Job Anna, nata il 16 maggio del 1805 a Napoli dagli artisti Serafino Fonti e Matilde Ragazzini, romani, entrò giovanissima, dopo la morte del padre, in Compagnia di Francesco Taddei. Sposò nel ’19 Giacomo Job, austriaco, attore mediocre, poi mediocre capocomico, nato il 1787 a Codroipo nel Friuli, il quale, ritiratosi dall’arte dopo il ’40, e fermatosi a Firenze, a far l’affittacamere, chiedeva invano il settembre del ’54 al Ministero di grazia e giustizia la naturalizzazione toscana. Morì a Firenze il febbraio del 1877. Passò l’Anna Job da quella di Taddei, nelle Compagnie di Raftopulo e Velli-Mascherpa ; poi prima amorosa dal ’24 al ’31 in quella de’Fiorentini di Napoli, al fianco della Tessari. Restaurato a Roma il teatro Pallaccorda, oggi Metastasio, Giacomo Job vi tenne compagnia per due anni, con l’Anna prima donna, ruolo ch’ella non lasciò più sino al ’48. Fu con Giuseppe Moncalvo due anni, poi sette con Corrado Vergnano, poi con Luigi Domeniconi e con Luigi Taddei. Tornò pel triennio ’48-’49-’50 col Domeniconi, assumendo la prima volta il ruolo di madre nobile, al fianco di Adelaide Ristori, poi di Amalia Fumagalli, per altri quattr’anni e nella stessa compagnia.
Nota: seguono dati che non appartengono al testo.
lemma admissible_parameters_3: "admissible_parameters 3 1 2 4 2"
proof -
  have "- ln (1 - 2 / 4 :: real) \<le> 1"
    using minus_ln_one_minus_divide_le[of 2 4] by simp
  moreover have "64 \<le> tv_constant 3"
  proof -
    have "(27 / 10) ^ 3 \<le> exp (1 :: real) ^ 3"
      using exp_1_ge by (intro power_mono) auto
    moreover have "exp (real 3) = exp (1 :: real) ^ 3"
      by (simp flip: exp_of_nat_mult)
    moreover have "sqrt (3 :: real) ^ 4 = 9"
      using power_mult[of "sqrt (3 :: real)" 2 2] by simp
    ultimately show ?thesis
      using tv_constant_ge[of 3] by (simp add: power_divide)
  qed
  moreover have "n \<le> 3 \<Longrightarrow> heat_growth n \<le> 2 ^ n" for n
    using heat_growth_0_to_3 by (auto simp: le_Suc_eq numeral_3_eq_3 numeral_2_eq_2)
  ultimately show ?thesis
    unfolding admissible_parameters_def by auto
qed

lemma admissible_parameters_ge_4:
  assumes "4 \<le> k"
  defines "r \<equiv> sqrt (real k)"
  shows "admissible_parameters k ((r / 2) ^ k) (2 * (1 + r) / r) (2 * exp 1) 2"
proof -
  have r: "2 \<le> r"
    using real_sqrt_le_mono[of 4 "real k"] assms by (simp add: r_def)
  have e: "27 / 10 \<le> exp (1 :: real)"
    by (rule exp_1_ge)
  have rc: "r / 2 * (2 * (1 + r) / r) = 1 + r"
    using r by simp
  have "- ln (1 - 2 / (2 * exp 1)) \<le> 2 / (2 * exp 1 - (2 :: real))"
    using e by (intro minus_ln_one_minus_divide_le) auto
  also have "\<dots> \<le> 2 / 3"
    using e by (simp add: field_simps)
  finally have "2 * (1 + r) / r * (- ln (1 - 2 / (2 * exp 1))) \<le> 2 * (1 + r) / r * (2 / 3)"
    using r by (intro mult_left_mono) auto
  also have "\<dots> \<le> 2"
    using r by (simp add: field_simps)
  finally have "- (2 * (1 + r) / r) * ln (1 - 2 / (2 * exp 1)) \<le> 2"
    by simp
  moreover have "heat_growth n \<le> (r / 2) ^ k * (2 * (1 + r) / r) ^ n" if "n \<le> k" for n
  proof -
    have "heat_growth n \<le> (1 + sqrt (real n)) ^ n"
      by (rule heat_growth_le)
    also have "\<dots> \<le> (1 + r) ^ n"
      unfolding r_def using that by (intro power_mono) auto
    also have "\<dots> = (r / 2 * (2 * (1 + r) / r)) ^ n"
      by (simp only: rc)
    also have "\<dots> = (r / 2) ^ n * (2 * (1 + r) / r) ^ n"
      by (rule power_mult_distrib)
    also have "\<dots> \<le> (r / 2) ^ k * (2 * (1 + r) / r) ^ n"
      using r that by (intro mult_right_mono power_increasing) auto
    finally show ?thesis .
  qed
  moreover have "exp (real k) * r ^ k \<le> tv_constant k"
  proof -
    have "exp (real k) * r ^ k * 1 \<le> exp (real k) * r ^ k * (r / 2)"
      using r by (intro mult_left_mono) auto
    also have "\<dots> = exp (real k) * r ^ Suc k / 2"
      by (simp add: mult_ac)
    also have "\<dots> \<le> tv_constant k"
      using tv_constant_ge[of k] by (simp add: r_def)
    finally show ?thesis
      by simp
  qed
  moreover have "(r / 2) ^ k * ((2 * exp 1) ^ k * 2 / 2) = exp (real k) * r ^ k"
    by (simp add: power_mult_distrib power_divide flip: exp_of_nat_mult)
  moreover have "(r / 2) ^ k \<le> exp (real k) * r ^ k"
    using r by (intro order.trans[OF power_mono[of "r / 2" r]] mult_le_cancel_right1[THEN iffD2]) auto
  ultimately show ?thesis
    unfolding admissible_parameters_def using r e by auto
qed

lemma admissible_parameters_exist:
  assumes "1 \<le> k"
  obtains L c z \<theta> where "admissible_parameters k L c z \<theta>"
proof -
  consider "k = 1" | "k = 2" | "k = 3" | "4 \<le> k"
    using assms by linarith
  then show ?thesis
    using that admissible_parameters_1 admissible_parameters_2 admissible_parameters_3
      admissible_parameters_ge_4 by cases blast+
qed

lemma tv_norm_le_admissible:
  fixes y :: "('n::finite \<Rightarrow> nat) \<Rightarrow> real" and P N :: "(real^'n) measure"
  assumes R: "R > 0" and k: "1 \<le> k" and T: "T > 0" and sol: "is_solution (cube R) k T y P N"
    and adm: "admissible_parameters k L c z \<theta>"
  shows "tv_norm P N
    \<le> sup_norm k y * max T 1 ^ (k div 2) * tv_constant k * exp (2 * real CARD('n) * real k / R)"
proof -
  define h where "h = R / real k"
  define B where "B = sup_norm k y * max T 1 ^ (k div 2)"
  define u where "u = real CARD('n) * real k / R"
  have h: "h > 0" and B: "0 \<le> B" and u: "0 \<le> u"
    using R k sup_norm_nonneg[of k y] by (simp_all add: h_def B_def u_def)
  have L: "0 \<le> L" and c: "0 \<le> c" and z: "2 < z" and \<theta>: "0 \<le> \<theta>" "\<theta> \<le> 2" "- c * ln (1 - 2 / z) \<le> \<theta>"
    and heat: "\<And>n. n \<le> k \<Longrightarrow> heat_growth n \<le> L * c ^ n"
    and S: "L \<le> tv_constant k" "L * (z ^ k * \<theta> / 2) \<le> tv_constant k"
    using adm unfolding admissible_parameters_def by auto
  have growth: "\<bar>expTA k T y \<alpha>\<bar> \<le> B * L * c ^ mi_norm1 \<alpha>" if "\<alpha> \<in> multi_indices k" for \<alpha>
  proof -
    have "\<bar>expTA k T y \<alpha>\<bar> \<le> B * heat_growth (mi_norm1 \<alpha>)"
      using abs_expTA_le[OF that T] by (simp add: B_def)
    also have "\<dots> \<le> B * (L * c ^ mi_norm1 \<alpha>)"
      using that heat B by (intro mult_left_mono) (auto simp: multi_indices_def)
    finally show ?thesis
      by (simp only: mult.assoc)
  qed
  have "tv_norm P N \<le> (\<Sum>j\<in>index_box k. \<bar>grid_weight k h (expTA k T y) j\<bar>)"
  proof (rule is_solution_tv_norm_le[OF sol])
    show "cube R \<in> sets borel"
      using closed_cube by (rule borel_closed)
    show "grid_point h ` index_box k \<subseteq> cube R"
      using R k h by (auto intro!: grid_point_in_cube simp: h_def)
  qed (simp_all add: finite_index_box grid_weight_moments[OF h])
  also have "\<dots> \<le> B * L * (\<Sum>(\<gamma>::'n \<Rightarrow> nat)\<in>multi_indices k. \<Prod>i\<in>UNIV. newton_weight h c (\<gamma> i))"
    using B L by (intro sum_abs_grid_weight_le[OF h c _ growth]) auto
  also have "\<dots> \<le> B * L * (1 + z ^ k * (exp (real CARD('n) * \<theta> / h) - 1))"
    using B L by (intro mult_left_mono sum_multi_indices_newton_weight_le[OF h c z \<theta>(3)]) auto
  also have "real CARD('n) * \<theta> / h = \<theta> * u"
    using R k by (simp add: h_def u_def field_simps)
  also have "B * L * (1 + z ^ k * (exp (\<theta> * u) - 1)) \<le> B * (tv_constant k * exp (2 * u))"
    unfolding mult.assoc using B z by (intro mult_left_mono convex_exp_bound[OF L \<theta>(1,2) u _ S]) auto
  also have "2 * u = 2 * real CARD('n) * real k / R"
    by (simp add: u_def)
  finally show ?thesis
    unfolding B_def by (simp only: mult.assoc)
qed

lemma max_power_one:
  fixes T :: real
  assumes "0 \<le> T"
  shows "max (T ^ n) 1 = max T 1 ^ n"
proof (cases "T \<le> 1")
  case True
  then show ?thesis
    using power_le_one[OF assms True, of n] by (simp add: max_def)
next
  case False
  then have "1 \<le> T ^ n"
    by (intro one_le_power) auto
  then have "max (T ^ n) 1 = T ^ n"
    by (rule max_absorb1)
  moreover have "max T 1 = T"
    using False by simp
  ultimately show ?thesis
    by simp
qed

lemma exp_times_one_plus_ln_sqrt:
  assumes "0 < k"
  shows "exp (real k * (1 + a + ln (sqrt (real k)))) = exp (real k) * sqrt (real k) ^ k * exp (real k * a)"
proof -
  have "real k * (1 + a + ln (sqrt (real k))) = real k + real k * ln (sqrt (real k)) + real k * a"
    by (simp add: algebra_simps)
  moreover have "exp (real k * ln (sqrt (real k))) = sqrt (real k) ^ k"
    using assms by (simp add: exp_of_nat_mult)
  ultimately show ?thesis
    by (simp add: exp_add)
qed

theorem mainTheorem5:
  fixes R T :: real and k :: nat and y :: "('n::finite \<Rightarrow> nat) \<Rightarrow> real"
    and P N :: "(real^'n) measure"
  assumes "R > 0" and "k \<ge> 1" and "T > 0"
    and "is_solution (cube R) k T y P N"
  shows "tv_norm P N \<le> sup_norm k y * sqrt (real k / pi)
           * exp (real k * (1 + 2 * real CARD('n) / R + ln (sqrt (real k))))
           * max (T ^ (k div 2)) 1"
proof -
  obtain L c z \<theta> where "admissible_parameters k L c z \<theta>"
    using admissible_parameters_exist[OF assms(2)] .
  then have "tv_norm P N
      \<le> sup_norm k y * max T 1 ^ (k div 2) * tv_constant k * exp (2 * real CARD('n) * real k / R)"
    by (rule tv_norm_le_admissible[OF assms])
  moreover have "exp (real k * (1 + 2 * real CARD('n) / R + ln (sqrt (real k))))
      = exp (real k) * sqrt (real k) ^ k * exp (2 * real CARD('n) * real k / R)"
    using exp_times_one_plus_ln_sqrt[of k "2 * real CARD('n) / R"] assms(2) by (simp add: mult_ac)
  ultimately show ?thesis
    using assms(3) by (simp add: tv_constant_def max_power_one mult_ac)
qed

end
lemma simple_cycle_chord_if_not_is_cycle:
  assumes g: "sgraph V E" and c: "simple_cycle E c" "set c \<subseteq> V" and "\<not> is_cycle V E c"
  shows "\<exists>ps a xs b ys. c = ps @ a # xs @ b # ys \<and> E a b \<and> xs \<noteq> [] \<and> ys @ ps \<noteq> []"
proof -
  let ?n = "length c"
  obtain i j where ij: "i < ?n" "j < ?n" "E (c ! i) (c ! j)"
    and far: "(int i - int j) mod int ?n \<notin> {1, int ?n - 1}"
    using assms unfolding is_cycle_def simple_cycle_iff_nth by auto
  have sym: "E (c ! j) (c ! i)" and "i \<noteq> j" using g ij(3) unfolding sgraph_def by auto
  define l h where "l = min i j" and "h = max i j"
  have lh: "l < h" "h < ?n" "E (c ! l) (c ! h)"
    using ij sym \<open>i \<noteq> j\<close> unfolding l_def h_def by (auto simp: min_def max_def)
  have "h - l \<noteq> 1 \<and> h - l \<noteq> ?n - 1"
  proof (cases "i < j")
    case True
    then show ?thesis using far ij int_diff_mod(1)[of i j ?n] unfolding l_def h_def by auto
  next
    case False
    then show ?thesis using far ij \<open>i \<noteq> j\<close> int_diff_mod(2)[of j i ?n] unfolding l_def h_def
      by auto
  qed
  then have gap: "2 \<le> h - l" "h - l + 2 \<le> ?n" using lh by auto
  have "Suc h < length c \<or> 0 < l" using lh gap by linarith
  then have "take (h - Suc l) (drop (Suc l) c) \<noteq> []" "drop (Suc h) c @ take l c \<noteq> []"
    using lh gap by auto
  with lh(3) id_take_nth_take_nth_drop[OF lh(1,2)] show ?thesis by fast
qed

lemma simple_cycle_induced_cycle_through:
  assumes g: "sgraph V E"
  shows "simple_cycle E c \<Longrightarrow> v \<in> set c \<Longrightarrow> \<exists>c'. is_cycle V E c' \<and> v \<in> set c' \<and> set c' \<subseteq> set c"
proof (induction "length c" arbitrary: c rule: less_induct)
  case less
  have cV: "set c \<subseteq> V" using simple_cycle_subset[OF g less.prems(1)] .
  show ?case
  proof (cases "is_cycle V E c")
    case False
    then obtain ps a xs b ys where c: "c = ps @ a # xs @ b # ys"
      and ab: "E a b" and ne: "xs \<noteq> []" "ys @ ps \<noteq> []"
      using simple_cycle_chord_if_not_is_cycle[OF g less.prems(1) cV] by blast
    define c1 c2 where "c1 = a # xs @ [b]" and "c2 = b # (ys @ ps) @ [a]"
    have rotated: "simple_cycle E (a # xs @ b # (ys @ ps))"
      using simple_cycle_append_swap[of E ps "a # xs @ b # ys"] less.prems(1) c by simp
    have ba: "E b a" using g ab unfolding sgraph_def by blast
    have "simple_cycle E c1" "simple_cycle E c2"
      unfolding c1_def c2_def by (fact simple_cycle_split_at_chord[OF rotated ab ba ne])+
    moreover have "length c1 < length c" "length c2 < length c"
      using ne unfolding c c1_def c2_def by auto
    moreover have "set c = set c1 \<union> set c2" unfolding c c1_def c2_def by auto
    ultimately show ?thesis
      using less.hyps[of c1] less.hyps[of c2] less.prems(2) by blast
  qed (use less.prems in blast)
qed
Fu dal’57 al’59 con Ernesto Rossi, e dal’61 al’75 con Alamanno Morelli, dal quale si allontanò per ritirarsi più che settantenne a Firenze, ove morì il 12 maggio del 1890. Dal suo matrimonio con Giacomo Job, nacque a Napoli il 25 marzo 1827 il figliuolo Achille, modesto attore e specchiatissimo amministratore delle Compagnie Morelli, Bellotti-Bon, e Marini, morto a Firenze il 22 giugno del ’98.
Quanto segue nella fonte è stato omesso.